- Born: Bittman John 11 November 1939
- Died: 21 May 1992 (aged 52) New York City, New York
- Writing career
- Literary movement: Nuyorican

= Bimbo Rivas =

Puerto Rican actor and writer (1939–1992)

Bittman John "Bimbo" Rivas (November 11, 1939 – May 21, 1992) was a Puerto Rican actor, community activist, director, playwright, poet, and teacher who lived on the Lower East Side of Manhattan in New York City. He also served in the United States Air Force. He was one of the pioneers of the Nuyorican Movement and was involved in the Nuyorican Poets Café.

Based on his experiences, Rivas wrote the poem "Loisaida", coining the term that today gives the Lower East Side its nickname. On May 27, 1992, Avenue C became known as Loisaida Avenue.
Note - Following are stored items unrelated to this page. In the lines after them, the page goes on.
lemma toggle_source:
  assumes hn: "0 < h" "h < n" and w: "w \<in> thick n" "distinct_adj w" "toggle h w = Some w'"
    and "w \<in> source n h"
  shows "w' \<in> source n h"
proof (cases "w \<in> thick_horn n h")
  case True
  then obtain j where "j \<le> n" "j \<noteq> h" "j \<notin> set w" by (auto simp: thick_horn_iff)
  then show ?thesis using set_toggle[OF w(3)] toggle_in_thick[OF w(3,1)] hn by (auto simp: thick_horn_iff)
next
  case False
  then have "w \<in> simplex n - horn n h"
    using \<open>w \<in> source n h\<close> by (auto simp: horn_iff thick_horn_iff simplex_def)
  then have "w = [0..<Suc n] \<or> w = [0..<h] @ [Suc h..<Suc n]"
    using hn w(2) by (intro interior_distinct_adj_cases) auto
  moreover have gap: "toggle h ([0..<h] @ [Suc h..<Suc n]) = Some [0..<Suc n]"
    using hn by (intro toggle_upt) auto
  moreover note toggle_involution[OF gap]
  moreover have "[0..<Suc n] \<in> simplex n" "[0..<h] @ [Suc h..<Suc n] \<in> simplex n"
    using hn by (auto simp: simplex_def thick_def sorted_append simp del: upt_Suc)
  ultimately show ?thesis using w(3) by (elim disjE) (simp_all del: upt_Suc)
qed

text \<open>Top words are the simplices attached one at a time, each along the inner horn that omits the
  face it is matched with.\<close>

definition top_words :: "nat \<Rightarrow> nat \<Rightarrow> nat list set" where
  "top_words n h = {t \<in> thick n. distinct_adj t \<and> t \<notin> source n h \<and>
                      (\<exists>t'. toggle h t = Some t' \<and> length t' < length t)}"

definition top_pos :: "nat \<Rightarrow> nat list \<Rightarrow> nat" where
  "top_pos h t = (SOME k. 0 < k \<and> Suc k < length t \<and> t ! k = h \<and> toggle h t = Some (del_nth k t) \<and>
                    pairable h (t ! (k - 1)) (t ! Suc k))"

lemma top_pos_spec:
  assumes "toggle h t = Some t'" "length t' < length t"
  shows "0 < top_pos h t" "Suc (top_pos h t) < length t" "t ! top_pos h t = h"
    "toggle h t = Some (del_nth (top_pos h t) t)" "pairable h (t ! (top_pos h t - 1)) (t ! Suc (top_pos h t))"
  using someI_ex[OF toggle_shorter[OF assms]] assms(1) unfolding top_pos_def by auto

lemma top_words_top_pos:
  assumes "t \<in> top_words n h"
  shows "0 < top_pos h t" "Suc (top_pos h t) < length t" "t ! top_pos h t = h"
    "toggle h t = Some (del_nth (top_pos h t) t)" "t ! (top_pos h t - 1) \<noteq> t ! Suc (top_pos h t)"
  using assms top_pos_spec[of h t] unfolding top_words_def pairable_def by auto

lemma partner_in_top_words:
  assumes hn: "0 < h" "h < n" and c: "c \<in> thick n" "distinct_adj c" "c \<notin> source n h"
    and c': "toggle h c = Some c'" "length c < length c'"
  shows "c' \<in> top_words n h"
proof -
  have "c' \<in> thick n" "distinct_adj c'"
    using toggle_in_thick[OF c'(1) c(1)] distinct_adj_toggle[OF c'(1) c(2)] hn by auto
  moreover have "c' \<notin> source n h"
    using toggle_source[OF hn \<open>c' \<in> thick n\<close> \<open>distinct_adj c'\<close> toggle_involution[OF c'(1)]] c(3) by blast
  ultimately show ?thesis using toggle_involution[OF c'(1)] c'(2) unfolding top_words_def by auto
qed

lemma nondegenerate_cases:
  assumes hn: "0 < h" "h < n" and c: "c \<in> thick n" "distinct_adj c"
  obtains "c \<in> source n h" | "c \<in> top_words n h"
    | c' where "c' \<in> top_words n h" "c = del_nth (top_pos h c') c'" "length c' = Suc (length c)"
proof (cases "toggle h c")
  case None
  then show ?thesis using toggle_None_in_thick_horn[OF hn c] that(1) by blast
next
  case (Some c')
  consider "length c' < length c" | "length c' = Suc (length c)" using toggle_length[OF Some] by linarith
  then show ?thesis
  proof cases
    case 1
    then show ?thesis using Some c that(1,2) unfolding top_words_def by blast
  next
    case 2
    show ?thesis
    proof (cases "c \<in> source n h")
      case False
      then have "c' \<in> top_words n h" using partner_in_top_words[OF hn c False Some] 2 by simp
      moreover have "c = del_nth (top_pos h c') c'"
        using top_words_top_pos(4)[OF \<open>c' \<in> top_words n h\<close>] toggle_involution[OF Some] by simp
      ultimately show ?thesis using that(3) 2 by blast
    qed (use that(1) in blast)
  qed
qed

lemma length_top_word: assumes "0 < h" "h < n" "t \<in> top_words n h" shows "Suc n \<le> length t"
proof -
  have "h \<in> set t" using top_words_top_pos[OF assms(3)] by (metis Suc_lessD nth_mem)
  have "x \<in> set t" if "x \<le> n" for x
  proof (cases "x = h")
    case False
    then show ?thesis using that assms(3) by (auto simp: top_words_def thick_horn_iff)
  qed (use \<open>h \<in> set t\<close> in simp)
  then have "{0..n} \<subseteq> set t" by auto
  then show ?thesis using card_mono[OF finite_set, of "{0..n}" t] card_length[of t] by simp
qed

lemma long_words_outside_source:
  assumes "0 < n"
  obtains w where "w \<in> thick n" "distinct_adj w" "w \<notin> source n h" "N \<le> length w"
proof -
  define w where "w = concat (replicate (Suc (Suc N)) [0..<Suc n])"
  have "distinct_adj w"
    unfolding w_def using assms
    by (intro distinct_adj_concat_replicate) (simp_all add: distinct_adj_conv_nth del: upt_Suc)
  moreover have "\<not> sorted w"
  proof
    let ?rest = "[0..<Suc n] @ concat (replicate N [0..<Suc n])"
    assume "sorted w"
    then have "\<forall>x\<in>set [0..<Suc n]. \<forall>y\<in>set ?rest. x \<le> y"
      unfolding w_def by (simp only: replicate_Suc concat.simps sorted_append) blast
    moreover have "n \<in> set [0..<Suc n]" "0 \<in> set ?rest" by auto
    ultimately show False using assms by fastforce
  qed
  moreover have "set w = {0..n}" unfolding w_def by auto
  moreover have "N \<le> length w" unfolding w_def by (simp add: length_concat sum_list_replicate)
  ultimately show ?thesis using that[of w] unfolding w_def by (auto simp: thick_def thick_horn_iff simplex_def)
qed

lemma infinite_top_words:
  assumes hn: "0 < h" "h < n"
  shows "infinite (top_words n h)"
proof
  assume "finite (top_words n h)"
  then obtain M where M: "\<And>t. t \<in> top_words n h \<Longrightarrow> length t \<le> M"
    using finite_nat_set_iff_bounded_le[of "length ` top_words n h"] by auto
  obtain w where w: "w \<in> thick n" "distinct_adj w" "w \<notin> source n h" "Suc M \<le> length w"
    using long_words_outside_source[of n] hn by auto
  show False
    by (rule nondegenerate_cases[OF hn w(1,2)]) (use w M in fastforce)+
qed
Bimbo Rivas died at the age of 52 on May 21, 1992, after suffering a heart attack while substitute teaching a kindergarten class.

==Affiliations==
- The Puerto Rican Traveling Theatre Co., Inc. New York, NY.
- The Lower East Side People’s Federal Credit Union, Loisaida, NYC, NY.
- Adopt-A-Building Inc, Loisaida, NYC, NY.
- El Bohio Cultural & Community Center, Loisaida, NYC, NY.
- The Public Theater, New York, NY US.
- El Teatro Ambulante—El Coco que Habla, Loisaida, NYC, NY.
- Nuyorican Poets Café, Loisaida, NYC, NY.